Entries supplied -
lemma rtrancl_path_induced_edges:
  assumes "rtrancl_path (induced_edge E S) a xs b"
  shows "path_edges (a # xs) \<subseteq> {e \<in> E. e \<subseteq> S}"
proof
  fix e assume "e \<in> path_edges (a # xs)"
  then obtain i where "i < length xs" "e = {(a # xs) ! i, xs ! i}"
    by (auto elim: path_edgesE)
  then show "e \<in> {e \<in> E. e \<subseteq> S}"
    using rtrancl_path_nth[OF assms] unfolding induced_edge_def by auto
qed

lemma rtrancl_path_induced_vertices:
  "rtrancl_path (induced_edge E S) a xs b \<Longrightarrow> a \<in> S \<Longrightarrow> set (a # xs) \<subseteq> S"
  by (induction rule: rtrancl_path.induct) (auto simp: induced_edge_def)

lemma induced_edge_distinct_path:
  assumes "(induced_edge E S)\<^sup>*\<^sup>* a b"
  obtains xs where "rtrancl_path (induced_edge E S) a xs b" "distinct (a # xs)"
proof -
  obtain ys where "rtrancl_path (induced_edge E S) a ys b"
    using assms unfolding rtranclp_eq_rtrancl_path by blast
  then show thesis
    by (rule rtrancl_path_distinct) (rule that)
qed

lemma simple_cycle_through_two_cut_edges:
  assumes sg: "simple_graph V E" and "{a1, b1} \<in> E" "{a2, b2} \<in> E" "{a1, b1} \<noteq> {a2, b2}"
    and "a1 \<in> S" "a2 \<in> S" "b1 \<notin> S" "b2 \<notin> S"
    and "(induced_edge E S)\<^sup>*\<^sup>* a1 a2" "(induced_edge E (- S))\<^sup>*\<^sup>* b2 b1"
  obtains C where "simple_cycle E C" "{a1, b1} \<in> C" "{a2, b2} \<in> C"
    "C \<inter> delta E S \<subseteq> {{a1, b1}, {a2, b2}}"
proof -
  obtain xs where xs: "rtrancl_path (induced_edge E S) a1 xs a2" "distinct (a1 # xs)"
    using induced_edge_distinct_path[OF assms(9)] .
  obtain ys where ys: "rtrancl_path (induced_edge E (- S)) b2 ys b1" "distinct (b2 # ys)"
    using induced_edge_distinct_path[OF assms(10)] .
  \<comment> \<open>The cycle runs from \<open>a1\<close> to \<open>a2\<close> inside \<open>S\<close>, crosses to \<open>b2\<close>, runs to \<open>b1\<close> outside \<open>S\<close>
    and closes with the edge \<open>{b1, a1}\<close>.\<close>
  define vs where "vs = (a1 # xs) @ (b2 # ys)"
  define C where "C = {{vs ! i, vs ! ((i + 1) mod length vs)} | i. i < length vs}"
  have "last vs = b1" "hd vs = a1" "last (a1 # xs) = a2"
    using rtrancl_path_last_Cons[OF xs(1)] rtrancl_path_last_Cons[OF ys(1)] unfolding vs_def by simp_all
  moreover have "path_edges vs = path_edges (a1 # xs) \<union> path_edges (b2 # ys) \<union> {{last (a1 # xs), b2}}"
    unfolding vs_def using path_edges_append[of "a1 # xs" "b2 # ys"] by simp
  moreover have "C = path_edges vs \<union> {{last vs, hd vs}}"
    unfolding C_def by (rule cyclic_edges_eq_path_edges) (simp add: vs_def)
  ultimately have C_eq: "C = path_edges (a1 # xs) \<union> path_edges (b2 # ys) \<union> {{a2, b2}} \<union> {{b1, a1}}"
    by simp
  have path_S: "path_edges (a1 # xs) \<subseteq> {e \<in> E. e \<subseteq> S}"
    using rtrancl_path_induced_edges[OF xs(1)] .
  have path_not_S: "path_edges (b2 # ys) \<subseteq> {e \<in> E. e \<subseteq> - S}"
    using rtrancl_path_induced_edges[OF ys(1)] .
  have "C \<subseteq> E"
    using C_eq path_S path_not_S assms(2,3) by (auto simp: insert_commute)
  then have "\<forall>i < length vs. {vs ! i, vs ! ((i + 1) mod length vs)} \<in> E"
    unfolding C_def by blast
  moreover have "distinct vs"
  proof -
    have "set (a1 # xs) \<subseteq> S" "set (b2 # ys) \<subseteq> - S"
      using rtrancl_path_induced_vertices[OF xs(1)] rtrancl_path_induced_vertices[OF ys(1)]
        \<open>a1 \<in> S\<close> \<open>b2 \<notin> S\<close> by simp_all
    then show ?thesis
      using xs(2) ys(2) unfolding vs_def distinct_append by blast
  qed
  moreover have "length vs \<ge> 3"
  proof (rule ccontr)
    assume "\<not> length vs \<ge> 3"
    then have "xs = []" "ys = []"
      unfolding vs_def by (simp_all add: not_less_eq_eq)
    then have "a1 = a2" "b2 = b1"
      using rtrancl_path_last_Cons[OF xs(1)] rtrancl_path_last_Cons[OF ys(1)] by simp_all
    then show False
      using \<open>{a1, b1} \<noteq> {a2, b2}\<close> by simp
  qed
  ultimately have "simple_cycle E C"
    unfolding simple_cycle_def C_def by blast
  moreover have "{a1, b1} \<in> C" "{a2, b2} \<in> C"
    using C_eq by (simp_all add: insert_commute)
  moreover have "C \<inter> delta E S \<subseteq> {{a1, b1}, {a2, b2}}"
  proof -
    have "e \<notin> delta E S" if "e \<in> path_edges (a1 # xs) \<union> path_edges (b2 # ys)" for e
    proof -
      have "e \<in> E \<and> (e \<subseteq> S \<or> e \<inter> S = {})"
        using that path_S path_not_S by blast
      then show ?thesis
        using edge_not_in_delta_if_subset[OF sg] by blast
    qed
    then show ?thesis
      using C_eq by (auto simp: insert_commute)
  qed
  ultimately show thesis
    using that by blast
qed

lemma cactus_bond_card_le_2:
  assumes "cactus V E" and bond: "bond E Z"
  shows "card (delta E Z) \<le> 2"
proof (rule ccontr)
  assume "\<not> card (delta E Z) \<le> 2"
  then obtain T where "T \<subseteq> delta E Z" "card T = 3"
    by (metis not_less_eq_eq numeral_2_eq_2 numeral_3_eq_3 obtain_subset_with_card_n)
  then obtain e1 e2 e3 where es: "e1 \<in> delta E Z" "e2 \<in> delta E Z" "e3 \<in> delta E Z"
    and "e1 \<noteq> e2" "e1 \<noteq> e3" "e2 \<noteq> e3"
    by (metis card_3_iff insert_subset)
  have sg: "simple_graph V E" and conn: "graph_connected V E"
    and one_cycle: "\<And>e C C'. e \<in> E \<Longrightarrow> simple_cycle E C \<Longrightarrow> simple_cycle E C' \<Longrightarrow>
      e \<in> C \<Longrightarrow> e \<in> C' \<Longrightarrow> C = C'"
    using assms(1) unfolding cactus_def by blast+
  have bond': "bond E (- Z)"
    using bond bond_Compl[OF sg] by blast
  obtain a1 b1 where e1: "e1 = {a1, b1}" "a1 \<in> Z" "b1 \<notin> Z" "a1 \<in> V" "b1 \<in> V"
    using edge_in_deltaE[OF sg es(1)] .
  obtain a2 b2 where e2: "e2 = {a2, b2}" "a2 \<in> Z" "b2 \<notin> Z" "a2 \<in> V" "b2 \<in> V"
    using edge_in_deltaE[OF sg es(2)] .
  obtain a3 b3 where e3: "e3 = {a3, b3}" "a3 \<in> Z" "b3 \<notin> Z" "a3 \<in> V" "b3 \<in> V"
    using edge_in_deltaE[OF sg es(3)] .
  have E: "{a1, b1} \<in> E" "{a2, b2} \<in> E" "{a3, b3} \<in> E"
    using es delta_subset e1(1) e2(1) e3(1) by blast+
  have shore_paths: "(induced_edge E Z)\<^sup>*\<^sup>* a1 a2" "(induced_edge E Z)\<^sup>*\<^sup>* a1 a3"
      "(induced_edge E (- Z))\<^sup>*\<^sup>* b2 b1" "(induced_edge E (- Z))\<^sup>*\<^sup>* b3 b1"
    using bond_shore_connected[OF sg conn bond] bond_shore_connected[OF sg conn bond'] e1 e2 e3
    by simp_all
  obtain C where C: "simple_cycle E C" "e1 \<in> C" "C \<inter> delta E Z \<subseteq> {e1, e2}"
    using simple_cycle_through_two_cut_edges[OF sg E(1,2) _ e1(2) e2(2) e1(3) e2(3) shore_paths(1,3)]
      \<open>e1 \<noteq> e2\<close> unfolding e1(1) e2(1) by metis
  obtain C' where C': "simple_cycle E C'" "e1 \<in> C'" "e3 \<in> C'"
    using simple_cycle_through_two_cut_edges[OF sg E(1,3) _ e1(2) e3(2) e1(3) e3(3) shore_paths(2,4)]
      \<open>e1 \<noteq> e3\<close> unfolding e1(1) e3(1) by metis
  have "C = C'"
    using one_cycle[OF _ C(1) C'(1) C(2) C'(2)] E(1) e1(1) by blast
  then have "e3 \<in> C \<inter> delta E Z"
    using C'(3) es(3) by blast
  then show False
    using C(3) \<open>e1 \<noteq> e3\<close> \<open>e2 \<noteq> e3\<close> by blast
qed

theorem lemma1:
  fixes V :: "'v::finite set" and E :: "'v set set" and X Y :: "'v set"
  assumes "cactus V E"
    and "X \<subseteq> V" and "Y \<subseteq> V"
    and "cut_vec E X \<noteq> cut_vec E Y"
    and "skeleton_adjacent (CUT V E) (cut_vec E X) (cut_vec E Y)"
  shows "card (delta E ((X - Y) \<union> (Y - X))) \<le> 2"
proof -
  have "simple_graph V E"
    using assms(1) unfolding cactus_def by simp
  then have "bond E ((X - Y) \<union> (Y - X))"
    using skeleton_adjacent_cut_vec_imp_bond assms(2-5) by blast
  then show ?thesis
    using cactus_bond_card_le_2[OF assms(1)] by blast
qed

end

What is needed - The expected result is every line from the material above that includes "length".

The completed task -
  then obtain i where "i < length xs" "e = {(a # xs) ! i, xs ! i}"
  define C where "C = {{vs ! i, vs ! ((i + 1) mod length vs)} | i. i < length vs}"
  then have "\<forall>i < length vs. {vs ! i, vs ! ((i + 1) mod length vs)} \<in> E"
  moreover have "length vs \<ge> 3"
    assume "\<not> length vs \<ge> 3"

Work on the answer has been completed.